Когда они вошли в студию, Дориан Грей сидел за пианино, спиной к ним, и перелистывал альбом с «Лесными картинками» Шумана.

– Вы должны мне дать эту вещицу на время, Бэзил, – произнес он, не оборачиваясь. – Мне хотелось бы ее разучить. Она совершенно очаровательна.

– Все зависит от того, как вы будете сегодня позировать, Дориан.

– Мне надоело позировать, и мне не нужен мой портрет в натуральную величину, – протянул капризно юноша, затем, повернувшись на сиденье, увидел лорда Генри и поспешно вскочил, порозовев от смущения. – Извините, Бэзил, я не знал, что вы не один.

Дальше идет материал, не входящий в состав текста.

lemma br_anticomm: "br y x = - br x y"
proof -
  have "br (x + y) (x + y) = br x x + br y x + (br x y + br y y)"
    by (simp only: br_add_left br_add_right)
  then have "br y x + br x y = 0"
    by simp
  then show ?thesis
    by (simp add: eq_neg_iff_add_eq_0)
qed

lemma br_zero_left [simp]: "br 0 x = 0"
  using br_scale_left[of 0 0 x] by simp

lemma br_zero_right [simp]: "br x 0 = 0"
  using br_scale_right[of x 0 0] by simp

lemma br_neg_right: "br x (- y) = - br x y"
  using br_scale_right[of x "- 1" y] by simp

lemma br_diff_left: "br (x - y) z = br x z - br y z"
  using br_add_left[of x "- y" z] br_scale_left[of "- 1" y z] by simp

lemma br_diff_right: "br x (y - z) = br x y - br x z"
  using br_add_right[of x y "- z"] br_scale_right[of x "- 1" z] by simp

lemma br_sum_right: "br x (sum f A) = (\<Sum>a\<in>A. br x (f a))"
  by (induction A rule: infinite_finite_induct) (auto simp: br_add_right)

lemma subspace_br_preimage_right: "subspace S \<Longrightarrow> subspace {y. br x y \<in> S}"
  by (auto simp: subspace_def br_add_right br_scale_right)

abbreviation L :: "nat \<Rightarrow> 'v set" where
  "L k \<equiv> lcs scale br k"

lemma lcs_Suc: "L (Suc k) = span {br x y | x y. y \<in> L k}"
  by simp

declare lcs.simps(2) [simp del]

lemma subspace_lcs: "subspace (L k)"
  by (cases k) (auto simp: lcs_Suc)

lemma span_lcs [simp]: "span (L k) = L k"
  by (simp add: subspace_lcs)

lemma br_in_lcs_Suc: "y \<in> L k \<Longrightarrow> br x y \<in> L (Suc k)"
  unfolding lcs_Suc by (rule span_base) blast

lemma br_in_lcs_Suc': "x \<in> L k \<Longrightarrow> br x y \<in> L (Suc k)"
  using br_in_lcs_Suc[of x k y] subspace_neg[OF subspace_lcs] by (metis br_anticomm minus_minus)

lemma lcs_Suc_subset: "L (Suc k) \<subseteq> L k"
proof (induction k)
  case (Suc k)
  then show ?case
    by (simp only: lcs_Suc) (rule span_mono, blast)
qed simp

lemma lcs_stable:
  assumes "L (Suc k) = L k" and "k \<le> m"
  shows "L (Suc m) = L m"
  using assms(2)
proof (induction m rule: dec_induct)
  case (step m)
  have "L (Suc (Suc m)) = span {br x y | x y. y \<in> L (Suc m)}" by (fact lcs_Suc)
  also have "\<dots> = span {br x y | x y. y \<in> L m}" by (simp only: step.IH)
  also have "\<dots> = L (Suc m)" by (simp only: lcs_Suc)
  finally show ?case .
qed (fact assms(1))

lemma br_lcs_lcs: "x \<in> L i \<Longrightarrow> y \<in> L j \<Longrightarrow> br x y \<in> L (i + j + 1)"
proof (induction i arbitrary: x j y)
  case 0
  then show ?case using br_in_lcs_Suc by simp
next
  case (Suc i)
  let ?S = "{x. \<forall>j y. y \<in> L j \<longrightarrow> br x y \<in> L (Suc i + j + 1)}"
  have "subspace ?S"
    using subspace_lcs by (auto simp: subspace_def br_add_left br_scale_left)
  moreover have "br u v \<in> ?S" if "v \<in> L i" for u v
  proof (intro CollectI allI impI)
    fix j y assume y: "y \<in> L j"
    have "br (br u v) y = br u (br v y) + br v (br y u)"
      using jacobi[of u v y] br_anticomm[of y "br u v"]
      by (simp add: algebra_simps eq_neg_iff_add_eq_0)
    moreover have "br u (br v y) \<in> L (Suc i + j + 1)"
      using br_in_lcs_Suc[OF Suc.IH[OF that y]] by simp
    moreover have "br v (br y u) \<in> L (Suc i + j + 1)"
      using Suc.IH[OF that br_in_lcs_Suc'[OF y]] by simp
    ultimately show "br (br u v) y \<in> L (Suc i + j + 1)"
      by (simp add: subspace_add[OF subspace_lcs])
  qed
  ultimately have "L (Suc i) \<subseteq> ?S"
    by (simp only: lcs_Suc) (rule span_minimal, blast)
  then show ?case using Suc.prems by blast
qed

lemma lcs_1_subset_lcs_2_if_generated_by_two:
  assumes span: "span (insert a (insert b (L 1))) = UNIV" and ab: "br a b \<in> L 2"
  shows "L 1 \<subseteq> L 2"
proof -
  have L12: "br u v \<in> L 2" "br v u \<in> L 2" if "u \<in> L 1" for u v
    using br_in_lcs_Suc[OF that] br_in_lcs_Suc'[OF that] by (simp_all add: numeral_2_eq_2)
  have ba: "br b a \<in> L 2"
    using subspace_neg[OF subspace_lcs ab] by (simp add: br_anticomm[of b a])
  have "span (insert a (insert b (L 1))) \<subseteq> {v. br w v \<in> L 2}" if "w \<in> {a, b}" for w
    using that ab ba L12 subspace_0[OF subspace_lcs]
    by (intro span_minimal subspace_br_preimage_right subspace_lcs) auto
  then have "br a v \<in> L 2" "br b v \<in> L 2" for v
    using span by blast+
  then have "span (insert a (insert b (L 1))) \<subseteq> {u. \<forall>v. br u v \<in> L 2}"
    using L12 subspace_lcs
    by (intro span_minimal) (auto simp: subspace_def br_add_left br_scale_left)
  then have "br u v \<in> L 2" for u v
    using span by blast
  then show ?thesis
    by (simp only: lcs_Suc One_nat_def) (rule span_minimal[OF _ subspace_lcs], auto)
qed

end

section \<open>Adapted bases and their structure constants\<close>

locale adapted_basis = lie_alg scale br
  for scale :: "'k::field \<Rightarrow> 'v::ab_group_add \<Rightarrow> 'v" (infixr \<open>*s\<close> 75) and br +
  fixes n :: nat and X :: "nat \<Rightarrow> 'v"
  assumes inj_on_basis: "inj_on X {..<n}"
    and independent_basis: "independent (X ` {..<n})"
    and span_basis: "span (X ` {..<n}) = UNIV"
    and br_X0: "i < n \<Longrightarrow> br (X 0) (X i) = (if 1 \<le> i \<and> i \<le> n - 2 then X (Suc i) else 0)"
    and br_X1_filtered: "2 \<le> j \<Longrightarrow> j < n \<Longrightarrow> br (X 1) (X j) \<in> span (X ` {Suc j..<n})"
    and br_X1_penultimate: "br (X 1) (X (n - 2)) = 0"
begin

definition coord :: "nat \<Rightarrow> 'v \<Rightarrow> 'k" where
  "coord k v = representation (X ` {..<n}) v (X k)"

definition structure_const :: "nat \<Rightarrow> nat \<Rightarrow> nat \<Rightarrow> 'k" where
  "structure_const i j k = coord k (br (X i) (X j))"

lemma sum_coord: "(\<Sum>k<n. coord k v *s X k) = v"
proof -
  have "(\<Sum>b\<in>X ` {..<n}. representation (X ` {..<n}) v b *s b) = v"
    using independent_basis span_basis by (intro sum_representation_eq) auto
  then show ?thesis
    by (simp add: coord_def sum.reindex[OF inj_on_basis])
qed

lemma coord_add: "coord k (u + v) = coord k u + coord k v"
  and coord_scale: "coord k (a *s v) = a * coord k v"
  and coord_neg: "coord k (- v) = - coord k v"
  and coord_diff: "coord k (u - v) = coord k u - coord k v"
  and coord_sum: "coord k (sum f A) = (\<Sum>a\<in>A. coord k (f a))"
  using independent_basis span_basis
  by (simp_all add: coord_def representation_add representation_scale representation_neg
      representation_diff representation_sum)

– Знакомьтесь, Дориан, это лорд Генри Уоттон, мой старый приятель по Оксфорду. Я как раз говорил ему, насколько хорошо вы позируете, но вы своими словами все испортили.

– Зато не испортили мне удовольствия познакомиться с вами, мистер Грей, – сказал лорд Генри, подходя к Дориану и протягивая ему руку. – Я о вас много слышал от своей тетушки. Вы ее любимец, но в то же время, боюсь, и ее жертва.

– В данный момент я у леди Агаты в немилости, – отозвался Дориан с комичным выражением раскаяния на лице. – Я обещал съездить с ней в прошлый вторник на благотворительный концерт в один из клубов Уайтчепела[8]. Мы должны были играть в четыре руки, – кажется, целых три дуэта, – но у меня это совершенно вылетело из головы. Не знаю, что она мне теперь скажет при встрече. Даже боюсь показываться ей на глаза.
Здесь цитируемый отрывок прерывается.